Paul-Mérédic Constans, born on 20th April 1821 in Versailles, was 16 years old when he won the first price at the 1837 concours. In 1835 he got first accessit, in 1836 he won the second price. I didn’t find any information about his further career.

Louis-Antoine Brunot, born on the 16th November 1820 in Lyon, was 16 years old when he won the second price at the 1837 concours. A year later he won the first price. According to Pontécoulant (1840) Brunot abandoned the Boehm flute after having studied it. He adopted it, however, in the early 1850s. Brunot played in the Orchestre du Palais-Royal, and from 1850 on he was first flute at the Opéra Comique. He also played in the Concerts populaire de M. Pasdeloup and in the Cirque d’Hiver. Brunot published a few compositions for flute, of which only a handful is known today: two fantasies about airs of Webers’ opera Oberon (op. 6,19), a fantaisie originale op. 7, he also arranged airs from Oberon for flute. There is a manuscript of an Adagio in the National Library of France (bnf).

In the 1850s he was at the height of his career. In addition to his orchestral work, he often appeared as a soloist. He played, for example, a duo by Léon Magnier with Louis Dorus, flute quartets by Léon Kreutzer with Simon, Élie, Petition (they all most probably played the Boehm flute), trios by Haydn and duets with singers.
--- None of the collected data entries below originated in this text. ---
lemma preconditioned_step_contraction:
  fixes P H Q E :: "real^'d^'d"
  assumes lam: "lam > 0"
    and P_psd: "\<And>z. 0 \<le> z \<bullet> (P *v z)" and P_bound: "\<And>x. norm (P *v x) \<le> c * norm x"
    and H_lower: "\<And>x. lam * norm x \<le> norm (H *v x)"
  defines "S \<equiv> P + lam *\<^sub>R mat 1"
  shows "norm (v - Q *v (H *v v)) \<le> (c + lam + spec_norm (S - H))
    * (spec_norm (S - H) / lam\<^sup>2 + spec_norm (Q - E) + spec_norm (E - matrix_inv S)) * norm v"
proof -
  let ?\<epsilon> = "spec_norm (S - H) / lam\<^sup>2 + spec_norm (Q - E) + spec_norm (E - matrix_inv S)"
  have S_lower: "lam * norm x \<le> norm (S *v x)" for x
    unfolding S_def by (rule psd_add_scaleR_id_lower_bound[OF P_psd])
  have "norm (v - Q *v (H *v v)) \<le> ?\<epsilon> * norm (H *v v)"
    by (rule preconditioned_step_bound[OF lam S_lower H_lower])
  also have "\<dots> \<le> ?\<epsilon> * ((c + lam + spec_norm (S - H)) * norm v)"
  proof (rule mult_left_mono)
    show "0 \<le> ?\<epsilon>" by (intro add_nonneg_nonneg divide_nonneg_nonneg spec_norm_nonneg zero_le_power2)
    show "norm (H *v v) \<le> (c + lam + spec_norm (S - H)) * norm v"
      unfolding S_def by (rule norm_mult_vec_le_perturbed[OF P_bound]) (use lam in simp)
  qed
  finally show ?thesis by (simp add: mult_ac)
qed

subsection \<open>Second moment matrices and ridge regression\<close>

lemma gram_mult_vec: "gram A J *v x = (\<Sum>j\<in>J. (A j \<bullet> x) *\<^sub>R A j)"
  unfolding gram_def outer_def
  by (simp add: vec_eq_iff matrix_vector_mult_def inner_vec_def sum_distrib_left
      sum_distrib_right mult_ac sum.swap[of _ J])

lemma gram_quadratic_form: "x \<bullet> (gram A J *v x) = (\<Sum>j\<in>J. (A j \<bullet> x)\<^sup>2)"
  unfolding gram_mult_vec by (simp add: inner_sum_right power2_eq_square inner_commute)

lemma second_moment_psd:
  fixes M :: "'s measure" and Y :: "'s \<Rightarrow> real^'d" and S :: "real^'d^'d"
  assumes moment: "\<forall>i k. integrable M (\<lambda>s. Y s $ i * Y s $ k) \<and> S $ i $ k = integral\<^sup>L M (\<lambda>s. Y s $ i * Y s $ k)"
  shows "0 \<le> z \<bullet> (S *v z)"
proof -
  have "z \<bullet> (S *v z) = (\<Sum>i\<in>UNIV. \<Sum>k\<in>UNIV. z$i * z$k * S$i$k)"
    by (simp add: inner_vec_def matrix_vector_mult_def sum_distrib_left mult_ac)
  also have "\<dots> = integral\<^sup>L M (\<lambda>s. \<Sum>i\<in>UNIV. \<Sum>k\<in>UNIV. z$i * z$k * (Y s $ i * Y s $ k))"
    using moment by (simp add: integral_sum)
  also have "\<dots> = integral\<^sup>L M (\<lambda>s. (z \<bullet> Y s)\<^sup>2)"
    by (simp add: inner_vec_def power2_eq_square sum_distrib_left sum_distrib_right mult_ac)
  also have "\<dots> \<ge> 0" by simp
  finally show ?thesis .
qed

lemma ridge_objective_has_derivative:
  fixes A :: "nat \<Rightarrow> real^'d" and b :: "nat \<Rightarrow> real"
  shows "((\<lambda>x. (1 / (2 * real n)) * (\<Sum>j<n. (A j \<bullet> x - b j)\<^sup>2) + lam / 2 * (norm x)\<^sup>2) has_derivative
     (\<lambda>h. ((1 / real n) *\<^sub>R (\<Sum>j<n. (A j \<bullet> x - b j) *\<^sub>R A j) + lam *\<^sub>R x) \<bullet> h)) (at x)"
proof -
  have squares: "(\<lambda>x. (1 / (2 * real n)) * (\<Sum>j<n. (A j \<bullet> x - b j)\<^sup>2) + lam / 2 * (norm x)\<^sup>2)
     = (\<lambda>x. (1 / (2 * real n)) * (\<Sum>j<n. (A j \<bullet> x - b j) * (A j \<bullet> x - b j)) + lam / 2 * (x \<bullet> x))"
    by (simp add: power2_eq_square power2_norm_eq_inner[symmetric])
  show ?thesis unfolding squares
    apply (rule derivative_eq_intros refl | simp)+
    apply (simp add: inner_sum_left algebra_simps sum_distrib_left)
    apply (rule ext)
    apply (simp add: inner_commute[of x] sum_divide_distrib sum_subtractf[symmetric]
        sum_distrib_left[symmetric] add_divide_distrib diff_divide_distrib)
    done
qed

lemma ridge_gradient_eq:
  fixes A :: "nat \<Rightarrow> real^'d" and b :: "nat \<Rightarrow> real" and g :: "real^'d \<Rightarrow> real^'d"
  assumes f: "f = (\<lambda>x. (1 / (2 * real n)) * (\<Sum>j<n. (A j \<bullet> x - b j)\<^sup>2) + lam / 2 * (norm x)\<^sup>2)"
    and grad: "\<And>x. (f has_derivative (\<lambda>h. g x \<bullet> h)) (at x)"
    and min: "\<And>x. f wstar \<le> f x"
  shows "g x = ((1 / real n) *\<^sub>R gram A {..<n} + lam *\<^sub>R mat 1) *v (x - wstar)"
proof -
  define g0 where "g0 = (\<lambda>x. (1 / real n) *\<^sub>R (\<Sum>j<n. (A j \<bullet> x - b j) *\<^sub>R A j) + lam *\<^sub>R x)"
  have f_deriv: "(f has_derivative (\<lambda>h. g0 x \<bullet> h)) (at x)" for x
    unfolding f g0_def by (rule ridge_objective_has_derivative)
  have sum_diff: "(\<Sum>j<n. (A j \<bullet> x - b j) *\<^sub>R A j) - (\<Sum>j<n. (A j \<bullet> wstar - b j) *\<^sub>R A j)
      = (\<Sum>j<n. (A j \<bullet> (x - wstar)) *\<^sub>R A j)"
    unfolding sum_subtractf[symmetric] by (intro sum.cong refl) (simp add: inner_diff_right scaleR_diff_left)
  have "g0 x - g0 wstar = (1 / real n) *\<^sub>R ((\<Sum>j<n. (A j \<bullet> x - b j) *\<^sub>R A j)
      - (\<Sum>j<n. (A j \<bullet> wstar - b j) *\<^sub>R A j)) + lam *\<^sub>R (x - wstar)"
    unfolding g0_def scaleR_diff_right by simp
  also have "\<dots> = ((1 / real n) *\<^sub>R gram A {..<n} + lam *\<^sub>R mat 1) *v (x - wstar)"
    unfolding sum_diff
    by (simp add: gram_mult_vec matrix_vector_mult_add_rdistrib scaleR_matrix_vector_assoc[symmetric])
  finally have g0_diff: "g0 x - g0 wstar = ((1 / real n) *\<^sub>R gram A {..<n} + lam *\<^sub>R mat 1) *v (x - wstar)" .
  have "(\<lambda>h. g x \<bullet> h) = (\<lambda>h. g0 x \<bullet> h)"
    by (rule has_derivative_unique[OF grad f_deriv])
  then have "g x = g0 x" by (metis inner_commute vector_eq)
  moreover have "(\<lambda>h. g0 wstar \<bullet> h) = (\<lambda>h. 0)"
    by (rule differential_zero_maxmin[of wstar UNIV f]) (use f_deriv min in auto)
  then have "g0 wstar = 0" by (metis inner_eq_zero_iff)
  ultimately show ?thesis using g0_diff by simp
qed

lemma le_sqrt2_mult_div_sqrt_one_minus_square:
  fixes a c d :: real
  assumes "0 \<le> a" "a < 1" "0 < d" "d \<le> c"
  shows "a \<le> sqrt 2 * a / sqrt (1 - a\<^sup>2) * sqrt (c / d)"
proof -
  have "a\<^sup>2 < 1" using assms by (simp add: abs_square_less_1)
  then have "0 < sqrt (1 - a\<^sup>2)" "sqrt (1 - a\<^sup>2) \<le> 1" using assms by simp_all
  then have "a \<le> a / sqrt (1 - a\<^sup>2)" using assms by (simp add: le_divide_eq mult_left_le)
  moreover have "1 \<le> sqrt 2 * sqrt (c / d)"
    using mult_mono[of 1 "sqrt 2" 1 "sqrt (c / d)"] assms by simp
  ultimately have "a \<le> (sqrt 2 * sqrt (c / d)) * (a / sqrt (1 - a\<^sup>2))"
    using mult_right_mono[of 1 "sqrt 2 * sqrt (c / d)" "a / sqrt (1 - a\<^sup>2)"] assms by simp
  then show ?thesis by (simp add: mult_ac)
qed
lemma strong_duality:
  assumes z01: "\<forall>j<n. z j \<in> {0, 1}"
    and above: "\<And>x. supported z x \<Longrightarrow> \<forall>r<m. Ax r x \<le> b r \<Longrightarrow> M < smooth_obj x"
  obtains \<alpha> \<beta> where "\<forall>r<m. \<beta> r \<ge> 0" and "M < dual z \<alpha> \<beta>"
proof -
  obtain t where t: "t \<ge> 0" "\<And>x. supported z x \<Longrightarrow> M < penalized t x"
    using exists_penalty_above[OF above] by blast
  obtain x where x: "supported z x" "\<And>y. supported z y \<Longrightarrow> penalized t x \<le> penalized t y"
    using penalized_has_minimizer[OF t(1)] by blast
  have "M < dual z (mult_alpha x) (mult_beta t x)"
    using t(2)[OF x(1)] penalized_le_dual_mult[OF t(1) z01 x] by linarith
  moreover have "\<forall>r<m. mult_beta t x r \<ge> 0" using t(1) by (simp add: mult_beta_def)
  ultimately show ?thesis using that by blast
qed

lemma feasibleU_iff:
  "feasibleU n m k lam v A b x y \<longleftrightarrow>
    (\<forall>r<m. Ax r x \<le> b r) \<and> (\<forall>i<k. sqrt (lam i) * y i = sqrt (lam i) * proj i x)"
  unfolding feasibleU_def Ax_def proj_def by simp

lemma objU_eq:
  assumes "\<forall>i<k. sqrt (lam i) * y i = sqrt (lam i) * proj i x"
  shows "objU n k lam c \<eta> \<theta> x y = smooth_obj x + \<theta> * real (l0norm n x)"
proof -
  have "lam i * (y i)\<^sup>2 = lam i * (proj i x)\<^sup>2" if "i < k" for i
  proof -
    have coupled: "sqrt (lam i) * y i = sqrt (lam i) * proj i x" using assms that by blast
    have "lam i * (y i)\<^sup>2 = (sqrt (lam i) * y i)\<^sup>2"
      using lam_nonneg[OF that] by (simp add: power_mult_distrib)
    also have "\<dots> = lam i * (proj i x)\<^sup>2"
      unfolding coupled using lam_nonneg[OF that] by (simp add: power_mult_distrib)
    finally show ?thesis .
  qed
  then have "(\<Sum>i<k. lam i * (y i)\<^sup>2) = (\<Sum>i<k. lam i * (proj i x)\<^sup>2)"
    by (intro sum.cong) auto
  then show ?thesis unfolding objU_def smooth_obj_def by simp
qed

lemma Hfun_eq_dual: "Hfun n m k lam v c A b \<eta> \<theta> z \<alpha> \<beta> = \<theta> * (\<Sum>j<n. z j) + dual z \<alpha> \<beta>"
  unfolding Hfun_def dual_def shifted_cost_def Let_def by simp

lemma minimax_le_Ustar:
  "(INF z \<in> {z. \<forall>j<n. z j \<in> {0, 1}}. SUP \<alpha>\<beta> \<in> {(\<alpha>, \<beta>). \<forall>r<m. \<beta> r \<ge> 0}.
      ereal (Hfun n m k lam v c A b \<eta> \<theta> z (fst \<alpha>\<beta>) (snd \<alpha>\<beta>)))
    \<le> Ustar n m k lam v c A b \<eta> \<theta>"
  unfolding Ustar_def
proof (intro INF_greatest, clarsimp)
  fix x y assume feasible: "feasibleU n m k lam v A b x y"
  define z where "z j = (if x j \<noteq> 0 then 1 else (0::real))" for j
  have "Hfun n m k lam v c A b \<eta> \<theta> z \<alpha> \<beta> \<le> objU n k lam c \<eta> \<theta> x y"
    if "\<forall>r<m. 0 \<le> \<beta> r" for \<alpha> \<beta>
  proof -
    have "dual z \<alpha> \<beta> \<le> smooth_obj x"
      using feasible that by (intro weak_duality) (auto simp: z_def feasibleU_iff)
    moreover have "(\<Sum>j<n. z j) = real (l0norm n x)"
      unfolding z_def l0norm_def by (rule sum_indicator_eq_card)
    ultimately show ?thesis
      using feasible by (simp add: Hfun_eq_dual objU_eq feasibleU_iff)
  qed
  then show "(INF z \<in> {z. \<forall>j<n. z j = 0 \<or> z j = 1}. SUP \<alpha>\<beta> \<in> {(\<alpha>, \<beta>). \<forall>r<m. 0 \<le> \<beta> r}.
      ereal (Hfun n m k lam v c A b \<eta> \<theta> z (fst \<alpha>\<beta>) (snd \<alpha>\<beta>))) \<le> ereal (objU n k lam c \<eta> \<theta> x y)"
    by (intro INF_lower2[of z] SUP_least) (auto simp: z_def)
qed

lemma Ustar_le_maximin:
  assumes "\<theta> \<ge> 0" and z01: "\<forall>j<n. z j \<in> {0, 1}"
  shows "Ustar n m k lam v c A b \<eta> \<theta> \<le> (SUP \<alpha>\<beta> \<in> {(\<alpha>, \<beta>). \<forall>r<m. \<beta> r \<ge> 0}.
      ereal (Hfun n m k lam v c A b \<eta> \<theta> z (fst \<alpha>\<beta>) (snd \<alpha>\<beta>)))"
proof (rule dense_le)
  fix U assume "U < Ustar n m k lam v c A b \<eta> \<theta>"
  then obtain M where M: "U < ereal M" "ereal M < Ustar n m k lam v c A b \<eta> \<theta>"
    using ereal_dense2 by blast
  have "M - \<theta> * (\<Sum>j<n. z j) < smooth_obj x"
    if "supported z x" and feasible: "\<forall>r<m. Ax r x \<le> b r" for x
  proof -
    have "Ustar n m k lam v c A b \<eta> \<theta> \<le> ereal (objU n k lam c \<eta> \<theta> x (\<lambda>i. proj i x))"
      unfolding Ustar_def
      by (rule INF_lower2[of "(x, \<lambda>i. proj i x)"]) (use feasible in \<open>auto simp: feasibleU_iff\<close>)
    then have "ereal M < ereal (objU n k lam c \<eta> \<theta> x (\<lambda>i. proj i x))"
      using M(2) by (simp only: order_less_le_trans)
    moreover have "\<theta> * real (l0norm n x) \<le> \<theta> * (\<Sum>j<n. z j)"
    proof -
      have "(\<Sum>j<n. z j) = (\<Sum>j<n. if z j = 1 then 1 else 0)" using z01 by (intro sum.cong) auto
      also have "\<dots> = real (card {j. j < n \<and> z j = 1})" by (rule sum_indicator_eq_card)
      also have "\<dots> \<ge> real (l0norm n x)"
        unfolding l0norm_def by (simp, rule card_mono) (use that in \<open>auto simp: supported_def\<close>)
      finally show ?thesis using \<open>\<theta> \<ge> 0\<close> by (rule mult_left_mono)
    qed
    ultimately show ?thesis by (simp add: objU_eq)
  qed
  then obtain \<alpha> \<beta> where "\<forall>r<m. \<beta> r \<ge> 0" and "M - \<theta> * (\<Sum>j<n. z j) < dual z \<alpha> \<beta>"
    using strong_duality[OF z01] by blast
  then have "ereal M \<le> (SUP \<alpha>\<beta> \<in> {(\<alpha>, \<beta>). \<forall>r<m. \<beta> r \<ge> 0}.
      ereal (Hfun n m k lam v c A b \<eta> \<theta> z (fst \<alpha>\<beta>) (snd \<alpha>\<beta>)))"
    by (intro SUP_upper2[of "(\<alpha>, \<beta>)"]) (auto simp: Hfun_eq_dual)
  then show "U \<le> (SUP \<alpha>\<beta> \<in> {(\<alpha>, \<beta>). \<forall>r<m. \<beta> r \<ge> 0}.
      ereal (Hfun n m k lam v c A b \<eta> \<theta> z (fst \<alpha>\<beta>) (snd \<alpha>\<beta>)))"
    using M(1) by simp
qed

end

theorem propositionC1:
  fixes n m k :: nat
    and Q :: "nat \<Rightarrow> nat \<Rightarrow> real"
    and lam :: "nat \<Rightarrow> real"
    and v :: "nat \<Rightarrow> nat \<Rightarrow> real"
    and c b :: "nat \<Rightarrow> real"
    and A :: "nat \<Rightarrow> nat \<Rightarrow> real"
    and \<eta> \<theta> :: real
  assumes Q_sym: "\<forall>i<n. \<forall>j<n. Q i j = Q j i"
    and Q_psd: "\<forall>x::nat \<Rightarrow> real. (\<Sum>i<n. \<Sum>j<n. x i * Q i j * x j) \<ge> 0"
    and Q_eig: "\<forall>i<n. \<forall>j<n. Q i j = (\<Sum>l<n. lam l * v l i * v l j)"
    and lam_sorted: "\<forall>i j. i \<le> j \<longrightarrow> j < n \<longrightarrow> lam j \<le> lam i"
    and lam_nonneg: "\<forall>i<n. lam i \<ge> 0"
    and v_orthonormal: "\<forall>i<n. \<forall>i'<n. (\<Sum>j<n. v i j * v i' j) = (if i = i' then 1 else 0)"
    and \<eta>_pos: "\<eta> > 0"
    and \<theta>_pos: "\<theta> > 0"
    and k_le: "k \<le> n"
  shows "Ustar n m k lam v c A b \<eta> \<theta> =
    (INF z \<in> {z. \<forall>j<n. z j \<in> {0, 1}}.
       SUP \<alpha>\<beta> \<in> {(\<alpha>, \<beta>). \<forall>r<m. \<beta> r \<ge> 0}.
         ereal (Hfun n m k lam v c A b \<eta> \<theta> z (fst \<alpha>\<beta>) (snd \<alpha>\<beta>)))"
proof -
  interpret sparse_qp n m k lam v c b A \<eta>
    using lam_nonneg k_le \<eta>_pos by unfold_locales auto
  show ?thesis
    using \<theta>_pos by (intro antisym INF_greatest Ustar_le_maximin minimax_le_Ustar) auto
qed

end
lemma smult_fixed_mat_eq_one:
  assumes "d \<cdot>\<^sub>m M = M" and "M \<noteq> 0\<^sub>m (dim_row M) (dim_col M)"
  shows "(d::'a::field) = 1"
proof -
  have "(1 - d) \<cdot>\<^sub>m M = 0\<^sub>m (dim_row M) (dim_col M)"
  proof (rule eq_matI)
    fix i j assume "i < dim_row (0\<^sub>m (dim_row M) (dim_col M) :: 'a mat)"
      "j < dim_col (0\<^sub>m (dim_row M) (dim_col M) :: 'a mat)"
    moreover have "(d \<cdot>\<^sub>m M) $$ (i,j) = M $$ (i,j)" using assms(1) by simp
    ultimately show "((1 - d) \<cdot>\<^sub>m M) $$ (i,j) = 0\<^sub>m (dim_row M) (dim_col M) $$ (i,j)"
      by (simp add: algebra_simps)
  qed auto
  thus ?thesis using smult_eq_zero_mat assms(2) by fastforce
qed

lemma invertible_mat_if_det_nonzero:
  assumes M: "M \<in> carrier_mat N N" and d: "det M \<noteq> (0::'a::field)"
  shows "invertible_mat M"
proof -
  have "M \<in> Units (ring_mat TYPE('a) N undefined)" by (rule det_non_zero_imp_unit[OF M d])
  then obtain B where "B \<in> carrier_mat N N" "B * M = 1\<^sub>m N" "M * B = 1\<^sub>m N"
    unfolding Units_def ring_mat_def by auto
  thus ?thesis using M unfolding invertible_mat_def inverts_mat_def square_mat.simps
    by (intro conjI exI[of _ B]) auto
qed

definition strictly_upper :: "'a::zero mat \<Rightarrow> bool" where
  "strictly_upper M \<longleftrightarrow> (\<forall>i j. i < dim_row M \<longrightarrow> j < dim_col M \<longrightarrow> j \<le> i \<longrightarrow> M $$ (i,j) = 0)"

lemma det_upper_triangular_const_diag:
  assumes M: "M \<in> carrier_mat N N" and low: "\<And>i j. j < i \<Longrightarrow> i < N \<Longrightarrow> M $$ (i,j) = 0"
    and diag: "\<And>i. i < N \<Longrightarrow> M $$ (i,i) = z"
  shows "det M = (z::'a::field) ^ N"
proof -
  have ut: "upper_triangular M" using M low by (auto intro!: upper_triangularI)
  have "diag_mat M = replicate N z"
    using M diag by (auto simp: diag_mat_def intro!: nth_equalityI)
  thus ?thesis using det_upper_triangular[OF ut M] by simp
qed

lemma det_strictly_upper:
  assumes "M \<in> carrier_mat N N" "strictly_upper M" "0 < N"
  shows "det (M :: 'a::field mat) = 0"
proof -
  have "det M = 0 ^ N"
    by (rule det_upper_triangular_const_diag) (use assms in \<open>auto simp: strictly_upper_def\<close>)
  thus ?thesis using assms(3) by simp
qed

lemma det_unipotent_comb:
  assumes "P \<in> carrier_mat N N" "Q \<in> carrier_mat N N" "strictly_upper P" "strictly_upper Q"
  shows "det (\<alpha> \<cdot>\<^sub>m (1\<^sub>m N + P) + \<gamma> \<cdot>\<^sub>m Q + \<delta> \<cdot>\<^sub>m 1\<^sub>m N) = (\<alpha> + \<delta> :: 'a::field) ^ N"
  by (rule det_upper_triangular_const_diag[of _ N]) (use assms in \<open>auto simp: strictly_upper_def\<close>)

section \<open>Block matrices\<close>

definition block_incl :: "nat \<Rightarrow> nat \<Rightarrow> nat \<Rightarrow> 'a::field mat" where
  "block_incl k n g = mat (k*n) n (\<lambda>(x,y). if x = g*n + y then 1 else 0)"

definition block_proj :: "nat \<Rightarrow> nat \<Rightarrow> nat \<Rightarrow> 'a::field mat" where
  "block_proj k n g = mat n (k*n) (\<lambda>(x,y). if y = g*n + x then 1 else 0)"

lemma block_incl_carrier[simp]: "block_incl k n g \<in> carrier_mat (k*n) n"
  and block_incl_dims[simp]: "dim_row (block_incl k n g) = k*n" "dim_col (block_incl k n g) = n"
  by (simp_all add: block_incl_def)

lemma block_proj_carrier[simp]: "block_proj k n g \<in> carrier_mat n (k*n)"
  and block_proj_dims[simp]: "dim_row (block_proj k n g) = n" "dim_col (block_proj k n g) = k*n"
  by (simp_all add: block_proj_def)

lemma block_index_less: "g < k \<Longrightarrow> y < n \<Longrightarrow> g*n + y < k*(n::nat)"
proof -
  assume "g < k" "y < n"
  hence "g*n + y < (g+1)*n" by simp
  also have "\<dots> \<le> k*n" using \<open>g<k\<close> by (intro mult_right_mono) auto
  finally show ?thesis .
qed

lemma block_index_eq_iff: "x < n \<Longrightarrow> y < n \<Longrightarrow> g*n + x = h*n + y \<longleftrightarrow> g = h \<and> x = (y::nat)"
proof
  assume "x < n" "y < n" "g*n + x = h*n + y"
  hence "(g*n+x) div n = (h*n+y) div n" "(g*n+x) mod n = (h*n+y) mod n" by simp_all
  thus "g = h \<and> x = y" using \<open>x < n\<close> \<open>y < n\<close> by simp
qed auto

lemma block_div_less: "i < k * n \<Longrightarrow> i div n < (k::nat)"
  by (metis less_mult_imp_div_less mult.commute)

lemma mult_block_incl_index:
  assumes M: "M \<in> carrier_mat m (k*n)" and g: "g < k" and x: "x < m" and y: "y < n"
  shows "(M * block_incl k n g) $$ (x,y) = (M $$ (x, g*n+y) :: 'a::field)"
proof -
  have "(M * block_incl k n g) $$ (x,y) = (\<Sum>z\<in>{0..<k*n}. M $$ (x,z) * (if z = g*n+y then 1 else 0))"
    using M x y by (simp add: block_incl_def scalar_prod_def)
  also have "\<dots> = (\<Sum>z\<in>{0..<k*n}. if z = g*n+y then M $$ (x,z) else 0)"
    by (rule sum.cong) auto
  finally show ?thesis using block_index_less[OF g y] by simp
qed

lemma block_proj_mult_index:
  assumes M: "M \<in> carrier_mat (k*n) m" and g: "g < k" and x: "x < n" and y: "y < m"
  shows "(block_proj k n g * M) $$ (x,y) = (M $$ (g*n+x, y) :: 'a::field)"
proof -
  have "(block_proj k n g * M) $$ (x,y) = (\<Sum>z\<in>{0..<k*n}. (if z = g*n+x then 1 else 0) * M $$ (z,y))"
    using M x y by (simp add: block_proj_def scalar_prod_def)
  also have "\<dots> = (\<Sum>z\<in>{0..<k*n}. if z = g*n+x then M $$ (z,y) else 0)"
    by (rule sum.cong) auto
  finally show ?thesis using block_index_less[OF g x] by simp
qed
In Dorus, Brunot found an equal flute partner, as the author of the Menestrel reports on March 6, 1854: “Never had purity of embouchure, taste, expression, agility, overall precision, smoothness in sound emission, reached this degree of perfection: a thunder of applause broke out at the end of this duet, and the two artists were recalled with enthusiasm.”

The performances of his fantaisie on Oberon, which he repeatedly played in concerts, received many positive concert reviews. L’Écho Rochelais wrote on September 6, 1856: “(The) phenomenon of perfection was achieved by M. Brunot on the flute. To appear alone after [oboe player] Triébert and [bassoon player] Jancourt, to struggle with the deep impressions they had produced, to divert to oneself the current of enthusiasm they had aroused, this was certainly a bold undertaking full of perils. Well! M. Brunot was able to accomplish it, and he won a success equal to that of his rivals, where any other than him would have broken on a reef. Mr Brunot is also a very pleasant enchanter! Armed with his Boehm flute, which is to the old flute what the piano of today is to the piano of thirty years ago, he seduces you, he moves you by the limpidity, the purity and the expression of his singing, he lulls you nobly into the undulations of a vaporous, ethereal melody; he dazzles you, he astonishes you by a fascinating agility of fingering. And then, what suppleness of articulation! What roundness and accuracy of tone in all registers! What sharpness in the double tongue without which it becomes impossible to execute the rapid lines in detached notes! With Brunot, all the native imperfections of the instrument disappear, all the difficulties are smoothed out, overcome. In a variation which delighted the audience and which – a rare thing, an exceptional joy – was enthusiastically requested again, the eminent flute player played both the song with a cadence and a trill, to which two cadences and two trills in the octave were added. Explain this prodigious feat to anyone who can.”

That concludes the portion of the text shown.